[Start of section]
(* Let $N=(V,A)$ be a phylogenetic network on $X$. Then the following are equivalent: (i) $N$ is tree-based. (ii) $N$ has an antichain $S\subseteq V$ and a partition of $V$ into $|S|$ chains, each of which forms a directed path in $N$ ending at a leaf in $X$. (iii) For every $U\subseteq V$, there exists a set of vertex-disjoint directed paths in $N$, each ending at a leaf in $X$, such that each element of $U$ lies on exactly one of these paths. (iv) The vertex set $V$ can be partitioned into a set of vertex-disjoint directed paths of $N$, each of which ends at a leaf in $X$. (v) The bipartite graph $\mathcal{G}_N$ has a matching of size $|V|-|X|$.
   Context: $X$ is a nonempty finite set. A phylogenetic network on $X$ is a rooted acyclic digraph with no parallel arcs such that: the unique root has out-degree at least one; $X$ is exactly the set of vertices of out-degree zero (leaves), each of in-degree one; every other vertex either has in-degree one and out-degree at least two (a tree vertex) or in-degree at least two and out-degree one (a reticulation). If $|X|=1$, the network may also consist of the single vertex in $X$. A phylogenetic $X$-tree is a phylogenetic network on $X$ with no reticulations. Subdividing an arc $(u,v)$ replaces it by arcs $(u,w),(w,v)$ with $w$ new; a subdivision is the result of a sequence of arc subdivisions. A phylogenetic network $N$ on $X$ is tree-based if it can be obtained from some phylogenetic $X$-tree $T$ (a base tree) by first taking a subdivision of $T$ (the new vertices are attachment points) and then adding new arcs $(u,v)$ (linking arcs) where either $u$ and $v$ are both attachment points, or $u$ is a non-leaf vertex of $T$ and $v$ is an attachment point; equivalently, $N$ has a rooted spanning tree with the same root as $N$ all of whose leaves lie in $X$. An antichain is a set of vertices no two of which are joined by a directed path. For a digraph $D=(V,A)$, $\mathcal{G}_D$ is the bipartite graph with vertex bipartition $\{V_1,V_2\}$, where $V_1$ and $V_2$ are two disjoint copies of $V$, having an edge between the copy of $u$ in $V_1$ and the copy of $v$ in $V_2$ for each arc $(u,v)\in A$. *)

theory Defs
  imports Main
begin

text \<open>Digraphs are given by a vertex set V and an arc set A (pairs; so no parallel arcs).\<close>

definition indeg :: "('a \<times> 'a) set \<Rightarrow> 'a \<Rightarrow> nat" where
  "indeg A v = card {u. (u, v) \<in> A}"

definition outdeg :: "('a \<times> 'a) set \<Rightarrow> 'a \<Rightarrow> nat" where
  "outdeg A v = card {w. (v, w) \<in> A}"

definition phylo_network :: "'a set \<Rightarrow> ('a \<times> 'a) set \<Rightarrow> 'a set \<Rightarrow> bool" where
  "phylo_network V A X \<longleftrightarrow>
     finite V \<and> A \<subseteq> V \<times> V \<and> X \<noteq> {} \<and> X \<subseteq> V \<and> acyclic A \<and>
     ((V = X \<and> card X = 1 \<and> A = {}) \<or>
      (\<exists>r\<in>V. indeg A r = 0 \<and> outdeg A r \<ge> 1 \<and> (\<forall>v\<in>V - {r}. indeg A v \<ge> 1) \<and>
         X = {v\<in>V. outdeg A v = 0} \<and> (\<forall>x\<in>X. indeg A x = 1) \<and>
         (\<forall>v\<in>V - X - {r}. (indeg A v = 1 \<and> outdeg A v \<ge> 2) \<or> (indeg A v \<ge> 2 \<and> outdeg A v = 1))))"

definition net_root :: "'a set \<Rightarrow> ('a \<times> 'a) set \<Rightarrow> 'a" where
  "net_root V A = (THE r. r \<in> V \<and> indeg A r = 0)"

text \<open>Tree-based: N has a rooted spanning tree with the same root as N all of whose
  leaves lie in X.\<close>
definition tree_based :: "'a set \<Rightarrow> ('a \<times> 'a) set \<Rightarrow> 'a set \<Rightarrow> bool" where
  "tree_based V A X \<longleftrightarrow>
     (\<exists>T \<subseteq> A. indeg T (net_root V A) = 0 \<and>
        (\<forall>v\<in>V - {net_root V A}. indeg T v = 1) \<and>
        (\<forall>v\<in>V. (net_root V A, v) \<in> T\<^sup>*) \<and>
        (\<forall>v\<in>V. outdeg T v = 0 \<longrightarrow> v \<in> X))"

definition antichain :: "('a \<times> 'a) set \<Rightarrow> 'a set \<Rightarrow> bool" where
  "antichain A S \<longleftrightarrow> (\<forall>u\<in>S. \<forall>v\<in>S. u \<noteq> v \<longrightarrow> (u, v) \<notin> A\<^sup>+)"

definition dipath :: "'a set \<Rightarrow> ('a \<times> 'a) set \<Rightarrow> 'a list \<Rightarrow> bool" where
  "dipath V A ps \<longleftrightarrow> ps \<noteq> [] \<and> distinct ps \<and> set ps \<subseteq> V \<and>
     (\<forall>i. Suc i < length ps \<longrightarrow> (ps ! i, ps ! Suc i) \<in> A)"

definition leaf_path :: "'a set \<Rightarrow> ('a \<times> 'a) set \<Rightarrow> 'a set \<Rightarrow> 'a list \<Rightarrow> bool" where
  "leaf_path V A X ps \<longleftrightarrow> dipath V A ps \<and> last ps \<in> X"

definition vertex_disjoint :: "'a list set \<Rightarrow> bool" where
  "vertex_disjoint Ps \<longleftrightarrow> (\<forall>p\<in>Ps. \<forall>q\<in>Ps. p \<noteq> q \<longrightarrow> set p \<inter> set q = {})"

text \<open>The bipartite graph G_N: vertex classes Inl ` V and Inr ` V (two disjoint copies),
  with an edge {Inl u, Inr v} for each arc (u,v).\<close>
definition bip_edges :: "('a \<times> 'a) set \<Rightarrow> ('a + 'a) set set" where
  "bip_edges A = {{Inl u, Inr v} | u v. (u, v) \<in> A}"

definition matching :: "('b set) set \<Rightarrow> ('b set) set \<Rightarrow> bool" where
  "matching E M \<longleftrightarrow> M \<subseteq> E \<and> (\<forall>e\<in>M. \<forall>e'\<in>M. e \<noteq> e' \<longrightarrow> e \<inter> e' = {})"

end

theory Submission
  imports Defs
begin

text \<open>All five conditions are equivalent to the existence of an injective child map: a choice
  of a child for every non-leaf vertex such that distinct vertices choose distinct children.
  The arcs of a spanning tree whose leaves lie in X give one, since in a tree distinct vertices
  have distinct children; conversely, the chosen arcs, completed by an arbitrary in-arc for
  every vertex nobody chose, form such a spanning tree. Following chosen children from each
  unchosen vertex partitions V into paths ending at leaves, one per leaf, so X itself serves as
  the antichain; conversely, successive vertices on the paths of such a partition define an
  injective child map. Finally, as leaves have no out-arcs, an injective child map is the same
  as a matching of the bipartite graph that covers the copy of V - X, i.e. one of size
  |V| - |X|.\<close>

definition injective_child_map :: "'a set \<Rightarrow> ('a \<times> 'a) set \<Rightarrow> 'a set \<Rightarrow> ('a \<Rightarrow> 'a) \<Rightarrow> bool"
  where "injective_child_map V A X s \<longleftrightarrow> (\<forall>v\<in>V - X. (v, s v) \<in> A) \<and> inj_on s (V - X)"

definition leaf_path_partition :: "'a set \<Rightarrow> ('a \<times> 'a) set \<Rightarrow> 'a set \<Rightarrow> 'a list set \<Rightarrow> bool"
  where "leaf_path_partition V A X Ps \<longleftrightarrow>
    (\<forall>p\<in>Ps. leaf_path V A X p) \<and> vertex_disjoint Ps \<and> (\<Union>p\<in>Ps. set p) = V"

lemma finite_in_neighbours: "finite A \<Longrightarrow> finite {u. (u, v) \<in> A}"
  by (rule finite_subset[of _ "fst ` A"]) force+

lemma finite_out_neighbours: "finite A \<Longrightarrow> finite {w. (v, w) \<in> A}"
  by (rule finite_subset[of _ "snd ` A"]) force+

lemma indeg_eq_0_iff: "finite A \<Longrightarrow> indeg A v = 0 \<longleftrightarrow> (\<forall>u. (u, v) \<notin> A)"
  unfolding indeg_def using finite_in_neighbours[of A v] by auto

lemma outdeg_eq_0_iff: "finite A \<Longrightarrow> outdeg A v = 0 \<longleftrightarrow> (\<forall>w. (v, w) \<notin> A)"
  unfolding outdeg_def using finite_out_neighbours[of A v] by auto

lemma indeg_eq_1_iff: "indeg A v = 1 \<longleftrightarrow> (\<exists>!u. (u, v) \<in> A)"
proof -
  have "indeg A v = 1 \<longleftrightarrow> (\<exists>u. {w. (w, v) \<in> A} = {u})"
    unfolding indeg_def One_nat_def by (rule card_1_singleton_iff)
  then show ?thesis by (simp only: set_eq_iff mem_Collect_eq singleton_iff) metis
qed

lemma distinct_if_acyclic_walk:
  assumes "acyclic A" and walk: "\<And>i. Suc i < length ps \<Longrightarrow> (ps ! i, ps ! Suc i) \<in> A"
  shows "distinct ps"
proof -
  have "(ps ! i, ps ! j) \<in> A\<^sup>+" if "i < j" "j < length ps" for i j
    using that by (induction j) (auto simp: less_Suc_eq intro: walk trancl_into_trancl)
  then show ?thesis
    using \<open>acyclic A\<close> unfolding distinct_conv_nth acyclic_def by (metis nat_neq_iff)
qed

lemma unique_cover_of_subsets_iff_leaf_path_partition:
  "(\<forall>U \<subseteq> V. \<exists>Ps. (\<forall>p\<in>Ps. leaf_path V A X p) \<and> vertex_disjoint Ps \<and>
      (\<forall>u\<in>U. \<exists>!p. p \<in> Ps \<and> u \<in> set p))
    \<longleftrightarrow> (\<exists>Ps. leaf_path_partition V A X Ps)"
proof
  assume "\<forall>U \<subseteq> V. \<exists>Ps. (\<forall>p\<in>Ps. leaf_path V A X p) \<and> vertex_disjoint Ps \<and>
    (\<forall>u\<in>U. \<exists>!p. p \<in> Ps \<and> u \<in> set p)"
  then obtain Ps where paths: "\<forall>p\<in>Ps. leaf_path V A X p" and "vertex_disjoint Ps"
    and unique: "\<forall>u\<in>V. \<exists>!p. p \<in> Ps \<and> u \<in> set p"
    by (metis order_refl)
  moreover have "(\<Union>p\<in>Ps. set p) = V"
  proof
    show "(\<Union>p\<in>Ps. set p) \<subseteq> V"
      using paths unfolding leaf_path_def dipath_def by blast
    show "V \<subseteq> (\<Union>p\<in>Ps. set p)"
      using unique by blast
  qed
  ultimately show "\<exists>Ps. leaf_path_partition V A X Ps"
    unfolding leaf_path_partition_def by blast
next
  assume "\<exists>Ps. leaf_path_partition V A X Ps"
  then obtain Ps where paths: "\<forall>p\<in>Ps. leaf_path V A X p" and disjoint: "vertex_disjoint Ps"
    and cover: "(\<Union>p\<in>Ps. set p) = V"
    unfolding leaf_path_partition_def by blast
  have unique: "\<exists>!p. p \<in> Ps \<and> u \<in> set p" if "u \<in> V" for u
    using that cover disjoint unfolding vertex_disjoint_def by (metis UN_E disjoint_iff)
  show "\<forall>U \<subseteq> V. \<exists>Ps. (\<forall>p\<in>Ps. leaf_path V A X p) \<and> vertex_disjoint Ps \<and>
    (\<forall>u\<in>U. \<exists>!p. p \<in> Ps \<and> u \<in> set p)"
  proof (intro allI impI)
    fix U assume "U \<subseteq> V"
    with unique have "\<forall>u\<in>U. \<exists>!p. p \<in> Ps \<and> u \<in> set p" by blast
    with paths disjoint show "\<exists>Ps. (\<forall>p\<in>Ps. leaf_path V A X p) \<and> vertex_disjoint Ps \<and>
      (\<forall>u\<in>U. \<exists>!p. p \<in> Ps \<and> u \<in> set p)"
      by (intro exI[of _ Ps] conjI)
  qed
qed

lemma ex_injective_child_map_if_left_unique:
  assumes "R \<subseteq> A" and "V - X \<subseteq> Domain R"
    and left_unique: "\<And>u u' w. (u, w) \<in> R \<Longrightarrow> (u', w) \<in> R \<Longrightarrow> u = u'"
  shows "\<exists>s. injective_child_map V A X s"
proof -
  define s where "s v = (SOME w. (v, w) \<in> R)" for v
  have child: "(v, s v) \<in> R" if "v \<in> V - X" for v
  proof -
    obtain w where "(v, w) \<in> R" using \<open>V - X \<subseteq> Domain R\<close> \<open>v \<in> V - X\<close> by blast
    then show ?thesis unfolding s_def by (rule someI)
  qed
  have "inj_on s (V - X)"
    by (rule inj_onI) (metis child left_unique)
  then have "injective_child_map V A X s"
    unfolding injective_child_map_def using child \<open>R \<subseteq> A\<close> by blast
  then show ?thesis by blast
qed

lemma injective_child_map_if_leaf_path_partition:
  assumes "leaf_path_partition V A X Ps"
  shows "\<exists>s. injective_child_map V A X s"
proof -
  have paths: "\<And>p. p \<in> Ps \<Longrightarrow> leaf_path V A X p" and disjoint: "vertex_disjoint Ps"
    and cover: "(\<Union>p\<in>Ps. set p) = V"
    using assms unfolding leaf_path_partition_def by auto
  define R where "R = {(p ! i, p ! Suc i) | p i. p \<in> Ps \<and> Suc i < length p}"
  have "R \<subseteq> A"
    using paths unfolding R_def leaf_path_def dipath_def by blast
  moreover have "v \<in> Domain R" if v: "v \<in> V - X" for v
  proof -
    obtain p where "p \<in> Ps" "v \<in> set p" using cover v by blast
    then obtain i where p: "p \<in> Ps" "i < length p" "p ! i = v" by (meson in_set_conv_nth)
    have "last p = p ! (length p - 1)" "last p \<in> X"
      using paths[OF \<open>p \<in> Ps\<close>] unfolding leaf_path_def dipath_def by (auto simp: last_conv_nth)
    then have "Suc i < length p"
      using p v by (metis DiffD2 Suc_lessI diff_Suc_1)
    with p show ?thesis unfolding R_def by blast
  qed
  moreover have "u = u'" if arcs: "(u, w) \<in> R" "(u', w) \<in> R" for u u' w
  proof -
    obtain p i q j where pq: "p \<in> Ps" "Suc i < length p" "u = p ! i" "w = p ! Suc i"
      "q \<in> Ps" "Suc j < length q" "u' = q ! j" "w = q ! Suc j"
      using arcs unfolding R_def by blast
    then have "w \<in> set p \<inter> set q" by (metis IntI nth_mem)
    then have "p = q"
      using disjoint pq unfolding vertex_disjoint_def by blast
    moreover have "distinct p"
      using paths[OF \<open>p \<in> Ps\<close>] unfolding leaf_path_def dipath_def by simp
    ultimately show ?thesis
      using pq nth_eq_iff_index_eq[of p "Suc i" "Suc j"] by auto
  qed
  ultimately show ?thesis
    by (intro ex_injective_child_map_if_left_unique) blast+
qed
[End of section]
■ Task goal
Up to and including the line with "text \<open>Digraphs are", transcribe the entries above exactly, starting from their first line.

■ Completed task
(* Let $N=(V,A)$ be a phylogenetic network on $X$. Then the following are equivalent: (i) $N$ is tree-based. (ii) $N$ has an antichain $S\subseteq V$ and a partition of $V$ into $|S|$ chains, each of which forms a directed path in $N$ ending at a leaf in $X$. (iii) For every $U\subseteq V$, there exists a set of vertex-disjoint directed paths in $N$, each ending at a leaf in $X$, such that each element of $U$ lies on exactly one of these paths. (iv) The vertex set $V$ can be partitioned into a set of vertex-disjoint directed paths of $N$, each of which ends at a leaf in $X$. (v) The bipartite graph $\mathcal{G}_N$ has a matching of size $|V|-|X|$.
   Context: $X$ is a nonempty finite set. A phylogenetic network on $X$ is a rooted acyclic digraph with no parallel arcs such that: the unique root has out-degree at least one; $X$ is exactly the set of vertices of out-degree zero (leaves), each of in-degree one; every other vertex either has in-degree one and out-degree at least two (a tree vertex) or in-degree at least two and out-degree one (a reticulation). If $|X|=1$, the network may also consist of the single vertex in $X$. A phylogenetic $X$-tree is a phylogenetic network on $X$ with no reticulations. Subdividing an arc $(u,v)$ replaces it by arcs $(u,w),(w,v)$ with $w$ new; a subdivision is the result of a sequence of arc subdivisions. A phylogenetic network $N$ on $X$ is tree-based if it can be obtained from some phylogenetic $X$-tree $T$ (a base tree) by first taking a subdivision of $T$ (the new vertices are attachment points) and then adding new arcs $(u,v)$ (linking arcs) where either $u$ and $v$ are both attachment points, or $u$ is a non-leaf vertex of $T$ and $v$ is an attachment point; equivalently, $N$ has a rooted spanning tree with the same root as $N$ all of whose leaves lie in $X$. An antichain is a set of vertices no two of which are joined by a directed path. For a digraph $D=(V,A)$, $\mathcal{G}_D$ is the bipartite graph with vertex bipartition $\{V_1,V_2\}$, where $V_1$ and $V_2$ are two disjoint copies of $V$, having an edge between the copy of $u$ in $V_1$ and the copy of $v$ in $V_2$ for each arc $(u,v)\in A$. *)

theory Defs
  imports Main
begin

text \<open>Digraphs are given by a vertex set V and an arc set A (pairs; so no parallel arcs).\<close>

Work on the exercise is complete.